> Task requirements:
Using the records below, transcribe word for word the stretch from the line that contains "obtain K where" through the line that contains "in nhds 0. ?h", both end lines included, and nothing else.
[[ Available records, beginning ]]
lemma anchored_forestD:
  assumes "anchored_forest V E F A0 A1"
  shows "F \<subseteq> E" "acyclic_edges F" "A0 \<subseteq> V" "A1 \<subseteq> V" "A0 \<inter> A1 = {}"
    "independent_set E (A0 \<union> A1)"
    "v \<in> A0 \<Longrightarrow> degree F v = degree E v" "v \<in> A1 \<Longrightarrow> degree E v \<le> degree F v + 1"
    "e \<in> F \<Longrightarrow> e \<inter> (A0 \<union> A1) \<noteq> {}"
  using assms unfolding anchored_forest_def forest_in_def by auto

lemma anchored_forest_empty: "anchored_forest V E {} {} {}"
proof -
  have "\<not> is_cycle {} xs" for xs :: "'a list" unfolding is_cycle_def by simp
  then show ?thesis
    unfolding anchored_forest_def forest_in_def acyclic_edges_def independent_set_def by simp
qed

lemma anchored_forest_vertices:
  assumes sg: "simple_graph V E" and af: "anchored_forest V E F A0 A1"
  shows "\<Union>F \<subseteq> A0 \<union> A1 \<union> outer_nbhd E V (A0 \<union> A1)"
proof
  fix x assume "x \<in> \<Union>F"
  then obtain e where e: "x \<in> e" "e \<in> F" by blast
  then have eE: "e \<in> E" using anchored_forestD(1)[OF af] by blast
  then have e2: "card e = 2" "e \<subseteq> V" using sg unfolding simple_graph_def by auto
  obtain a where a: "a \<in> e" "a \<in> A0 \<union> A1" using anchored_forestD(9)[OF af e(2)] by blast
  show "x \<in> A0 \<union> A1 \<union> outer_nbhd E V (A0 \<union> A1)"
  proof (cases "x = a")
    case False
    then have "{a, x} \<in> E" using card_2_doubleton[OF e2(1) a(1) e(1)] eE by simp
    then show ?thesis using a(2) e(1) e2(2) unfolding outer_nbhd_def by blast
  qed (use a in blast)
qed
[[ Available records, end ]]
[[ Available records, beginning ]]
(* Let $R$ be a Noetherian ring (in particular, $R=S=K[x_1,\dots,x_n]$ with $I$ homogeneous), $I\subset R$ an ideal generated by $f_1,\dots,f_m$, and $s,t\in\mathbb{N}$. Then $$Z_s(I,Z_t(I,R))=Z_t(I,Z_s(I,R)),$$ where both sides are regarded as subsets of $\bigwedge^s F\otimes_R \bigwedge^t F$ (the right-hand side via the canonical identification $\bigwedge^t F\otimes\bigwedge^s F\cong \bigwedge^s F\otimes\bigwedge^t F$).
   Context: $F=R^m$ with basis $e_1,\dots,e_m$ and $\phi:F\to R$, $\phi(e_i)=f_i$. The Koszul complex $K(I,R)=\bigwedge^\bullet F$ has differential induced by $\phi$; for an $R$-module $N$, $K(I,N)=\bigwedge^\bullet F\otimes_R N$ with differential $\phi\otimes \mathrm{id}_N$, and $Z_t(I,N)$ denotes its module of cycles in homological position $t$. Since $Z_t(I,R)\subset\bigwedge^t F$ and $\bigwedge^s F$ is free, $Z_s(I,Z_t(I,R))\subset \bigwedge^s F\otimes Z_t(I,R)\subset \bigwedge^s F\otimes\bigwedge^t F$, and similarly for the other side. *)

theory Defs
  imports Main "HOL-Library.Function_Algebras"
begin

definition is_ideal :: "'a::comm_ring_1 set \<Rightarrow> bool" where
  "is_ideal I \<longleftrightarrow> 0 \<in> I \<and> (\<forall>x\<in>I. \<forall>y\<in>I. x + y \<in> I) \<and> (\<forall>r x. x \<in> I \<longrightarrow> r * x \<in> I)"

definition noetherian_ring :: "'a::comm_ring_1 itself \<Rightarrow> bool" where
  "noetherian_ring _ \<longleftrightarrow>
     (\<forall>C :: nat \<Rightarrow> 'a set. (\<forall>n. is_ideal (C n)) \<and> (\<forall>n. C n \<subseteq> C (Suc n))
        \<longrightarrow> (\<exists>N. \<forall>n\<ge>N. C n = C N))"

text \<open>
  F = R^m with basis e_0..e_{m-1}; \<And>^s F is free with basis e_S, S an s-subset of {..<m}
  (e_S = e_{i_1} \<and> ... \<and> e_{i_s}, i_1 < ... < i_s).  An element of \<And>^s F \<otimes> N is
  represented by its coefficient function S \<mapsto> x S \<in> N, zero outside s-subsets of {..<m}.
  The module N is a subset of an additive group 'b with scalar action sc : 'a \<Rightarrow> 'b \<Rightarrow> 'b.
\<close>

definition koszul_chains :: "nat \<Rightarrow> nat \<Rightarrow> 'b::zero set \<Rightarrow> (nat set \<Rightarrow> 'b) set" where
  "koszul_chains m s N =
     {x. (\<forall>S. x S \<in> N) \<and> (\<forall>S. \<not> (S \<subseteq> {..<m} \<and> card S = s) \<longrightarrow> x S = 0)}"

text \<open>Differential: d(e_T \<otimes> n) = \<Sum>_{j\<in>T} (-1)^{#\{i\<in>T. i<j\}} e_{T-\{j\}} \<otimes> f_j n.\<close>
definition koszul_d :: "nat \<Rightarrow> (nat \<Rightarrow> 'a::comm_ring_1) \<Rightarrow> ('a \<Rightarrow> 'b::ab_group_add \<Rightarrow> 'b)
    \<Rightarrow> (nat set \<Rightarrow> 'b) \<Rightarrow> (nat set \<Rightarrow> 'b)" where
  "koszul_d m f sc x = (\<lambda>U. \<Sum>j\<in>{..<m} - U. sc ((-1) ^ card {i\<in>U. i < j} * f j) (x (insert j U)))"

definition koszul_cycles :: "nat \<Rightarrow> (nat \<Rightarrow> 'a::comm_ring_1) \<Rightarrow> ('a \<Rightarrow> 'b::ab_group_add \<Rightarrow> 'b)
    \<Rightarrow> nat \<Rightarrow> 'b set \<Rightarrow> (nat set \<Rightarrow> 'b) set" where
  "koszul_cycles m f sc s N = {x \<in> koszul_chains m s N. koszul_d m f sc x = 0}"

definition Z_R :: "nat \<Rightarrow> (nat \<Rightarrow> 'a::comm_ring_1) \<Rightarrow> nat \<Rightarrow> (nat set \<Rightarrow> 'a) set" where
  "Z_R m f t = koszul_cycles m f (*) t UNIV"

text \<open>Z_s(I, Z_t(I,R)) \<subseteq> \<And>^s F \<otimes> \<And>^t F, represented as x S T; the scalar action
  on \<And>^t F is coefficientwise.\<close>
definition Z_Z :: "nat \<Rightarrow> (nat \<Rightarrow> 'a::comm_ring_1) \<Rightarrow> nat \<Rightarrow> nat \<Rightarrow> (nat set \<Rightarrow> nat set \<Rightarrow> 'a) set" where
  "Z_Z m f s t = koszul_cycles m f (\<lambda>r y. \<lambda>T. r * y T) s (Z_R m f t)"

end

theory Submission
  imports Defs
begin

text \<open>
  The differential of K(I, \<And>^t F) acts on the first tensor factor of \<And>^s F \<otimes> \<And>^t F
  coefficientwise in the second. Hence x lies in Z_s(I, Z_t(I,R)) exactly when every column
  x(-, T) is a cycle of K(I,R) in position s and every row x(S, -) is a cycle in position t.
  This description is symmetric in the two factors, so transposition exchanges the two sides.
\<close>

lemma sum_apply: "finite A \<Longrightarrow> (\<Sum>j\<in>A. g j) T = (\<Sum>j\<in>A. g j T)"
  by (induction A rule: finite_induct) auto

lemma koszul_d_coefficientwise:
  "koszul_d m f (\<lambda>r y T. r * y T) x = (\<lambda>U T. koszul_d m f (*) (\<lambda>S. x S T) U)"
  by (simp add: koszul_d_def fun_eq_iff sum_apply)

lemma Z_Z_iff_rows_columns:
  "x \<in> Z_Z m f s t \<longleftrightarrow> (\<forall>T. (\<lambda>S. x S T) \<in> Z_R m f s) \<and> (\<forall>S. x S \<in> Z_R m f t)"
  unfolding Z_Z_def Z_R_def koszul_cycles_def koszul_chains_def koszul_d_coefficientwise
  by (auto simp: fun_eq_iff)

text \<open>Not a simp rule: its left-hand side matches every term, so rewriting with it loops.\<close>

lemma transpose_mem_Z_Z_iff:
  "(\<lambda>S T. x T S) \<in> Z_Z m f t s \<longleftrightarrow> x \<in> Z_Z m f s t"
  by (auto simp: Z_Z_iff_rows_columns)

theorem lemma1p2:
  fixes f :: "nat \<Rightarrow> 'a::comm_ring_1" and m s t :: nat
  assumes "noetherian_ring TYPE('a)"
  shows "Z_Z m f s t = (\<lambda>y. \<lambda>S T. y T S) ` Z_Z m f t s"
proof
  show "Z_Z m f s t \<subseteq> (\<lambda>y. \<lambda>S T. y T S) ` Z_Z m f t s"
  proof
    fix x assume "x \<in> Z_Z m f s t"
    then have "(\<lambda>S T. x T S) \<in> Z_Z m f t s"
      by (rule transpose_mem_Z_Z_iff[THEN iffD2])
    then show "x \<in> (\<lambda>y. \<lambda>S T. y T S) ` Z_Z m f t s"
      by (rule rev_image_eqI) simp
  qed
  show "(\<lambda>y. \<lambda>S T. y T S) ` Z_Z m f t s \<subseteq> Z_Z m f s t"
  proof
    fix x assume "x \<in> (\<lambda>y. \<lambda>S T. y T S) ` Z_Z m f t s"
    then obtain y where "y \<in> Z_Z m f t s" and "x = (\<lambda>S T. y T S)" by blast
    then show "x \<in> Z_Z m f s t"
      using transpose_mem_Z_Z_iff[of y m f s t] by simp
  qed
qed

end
[[ Available records, end ]]
[[ Available records, beginning ]]
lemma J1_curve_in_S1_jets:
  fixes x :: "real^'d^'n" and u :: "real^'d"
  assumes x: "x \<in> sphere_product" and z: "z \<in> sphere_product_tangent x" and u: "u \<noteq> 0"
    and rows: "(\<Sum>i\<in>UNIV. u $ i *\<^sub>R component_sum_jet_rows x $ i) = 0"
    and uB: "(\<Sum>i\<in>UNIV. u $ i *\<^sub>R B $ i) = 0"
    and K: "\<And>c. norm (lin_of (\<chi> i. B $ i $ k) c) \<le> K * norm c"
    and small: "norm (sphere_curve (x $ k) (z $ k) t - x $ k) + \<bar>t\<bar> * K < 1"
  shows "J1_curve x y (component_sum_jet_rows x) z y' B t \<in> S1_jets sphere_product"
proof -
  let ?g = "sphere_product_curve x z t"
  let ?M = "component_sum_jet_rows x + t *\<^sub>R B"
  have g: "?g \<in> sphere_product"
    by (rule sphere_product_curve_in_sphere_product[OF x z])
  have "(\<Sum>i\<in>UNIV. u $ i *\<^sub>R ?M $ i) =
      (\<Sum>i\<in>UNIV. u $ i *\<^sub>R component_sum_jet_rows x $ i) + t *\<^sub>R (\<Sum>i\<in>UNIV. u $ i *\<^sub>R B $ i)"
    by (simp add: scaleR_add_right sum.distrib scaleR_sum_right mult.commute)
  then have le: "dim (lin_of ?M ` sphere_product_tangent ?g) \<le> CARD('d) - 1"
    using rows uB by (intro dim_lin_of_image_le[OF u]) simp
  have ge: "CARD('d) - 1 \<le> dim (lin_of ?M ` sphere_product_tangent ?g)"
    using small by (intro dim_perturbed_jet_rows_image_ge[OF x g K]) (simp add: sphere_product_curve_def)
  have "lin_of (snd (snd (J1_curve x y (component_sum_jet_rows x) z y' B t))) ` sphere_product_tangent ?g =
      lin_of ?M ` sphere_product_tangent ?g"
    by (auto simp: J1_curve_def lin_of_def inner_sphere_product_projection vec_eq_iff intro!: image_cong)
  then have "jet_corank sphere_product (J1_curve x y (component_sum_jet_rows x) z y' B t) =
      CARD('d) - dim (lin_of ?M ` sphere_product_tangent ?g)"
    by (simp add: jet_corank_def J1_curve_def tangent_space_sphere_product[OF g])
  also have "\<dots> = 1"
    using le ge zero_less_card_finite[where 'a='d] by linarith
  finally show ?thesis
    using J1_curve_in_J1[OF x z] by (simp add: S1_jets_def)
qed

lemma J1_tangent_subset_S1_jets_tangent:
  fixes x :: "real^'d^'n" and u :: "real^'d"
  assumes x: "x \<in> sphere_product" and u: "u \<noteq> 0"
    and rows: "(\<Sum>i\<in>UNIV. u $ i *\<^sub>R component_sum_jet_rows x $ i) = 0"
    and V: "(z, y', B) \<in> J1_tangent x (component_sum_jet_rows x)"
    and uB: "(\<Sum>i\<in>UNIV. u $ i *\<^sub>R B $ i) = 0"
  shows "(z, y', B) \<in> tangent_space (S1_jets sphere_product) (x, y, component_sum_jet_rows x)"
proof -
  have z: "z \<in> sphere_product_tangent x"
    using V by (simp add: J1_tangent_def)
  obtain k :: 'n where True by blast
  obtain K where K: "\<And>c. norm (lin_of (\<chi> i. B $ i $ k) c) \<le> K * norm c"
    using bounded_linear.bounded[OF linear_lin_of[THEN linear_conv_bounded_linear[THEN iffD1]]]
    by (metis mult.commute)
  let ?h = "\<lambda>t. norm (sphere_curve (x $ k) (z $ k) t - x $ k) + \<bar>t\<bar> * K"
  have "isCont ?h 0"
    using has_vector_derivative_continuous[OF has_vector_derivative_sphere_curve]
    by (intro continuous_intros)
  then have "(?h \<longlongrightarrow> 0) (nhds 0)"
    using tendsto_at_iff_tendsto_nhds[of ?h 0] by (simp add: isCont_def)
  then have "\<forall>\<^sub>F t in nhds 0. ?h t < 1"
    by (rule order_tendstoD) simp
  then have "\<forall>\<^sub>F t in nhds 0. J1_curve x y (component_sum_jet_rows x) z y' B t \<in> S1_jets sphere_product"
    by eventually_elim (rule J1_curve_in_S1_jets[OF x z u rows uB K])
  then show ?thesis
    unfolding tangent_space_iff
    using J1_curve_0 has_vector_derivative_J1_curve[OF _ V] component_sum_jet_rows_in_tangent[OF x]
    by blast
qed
[[ Available records, end ]]
> Worked solution:
  obtain K where K: "\<And>c. norm (lin_of (\<chi> i. B $ i $ k) c) \<le> K * norm c"
    using bounded_linear.bounded[OF linear_lin_of[THEN linear_conv_bounded_linear[THEN iffD1]]]
    by (metis mult.commute)
  let ?h = "\<lambda>t. norm (sphere_curve (x $ k) (z $ k) t - x $ k) + \<bar>t\<bar> * K"
  have "isCont ?h 0"
    using has_vector_derivative_continuous[OF has_vector_derivative_sphere_curve]
    by (intro continuous_intros)
  then have "(?h \<longlongrightarrow> 0) (nhds 0)"
    using tendsto_at_iff_tendsto_nhds[of ?h 0] by (simp add: isCont_def)
  then have "\<forall>\<^sub>F t in nhds 0. ?h t < 1"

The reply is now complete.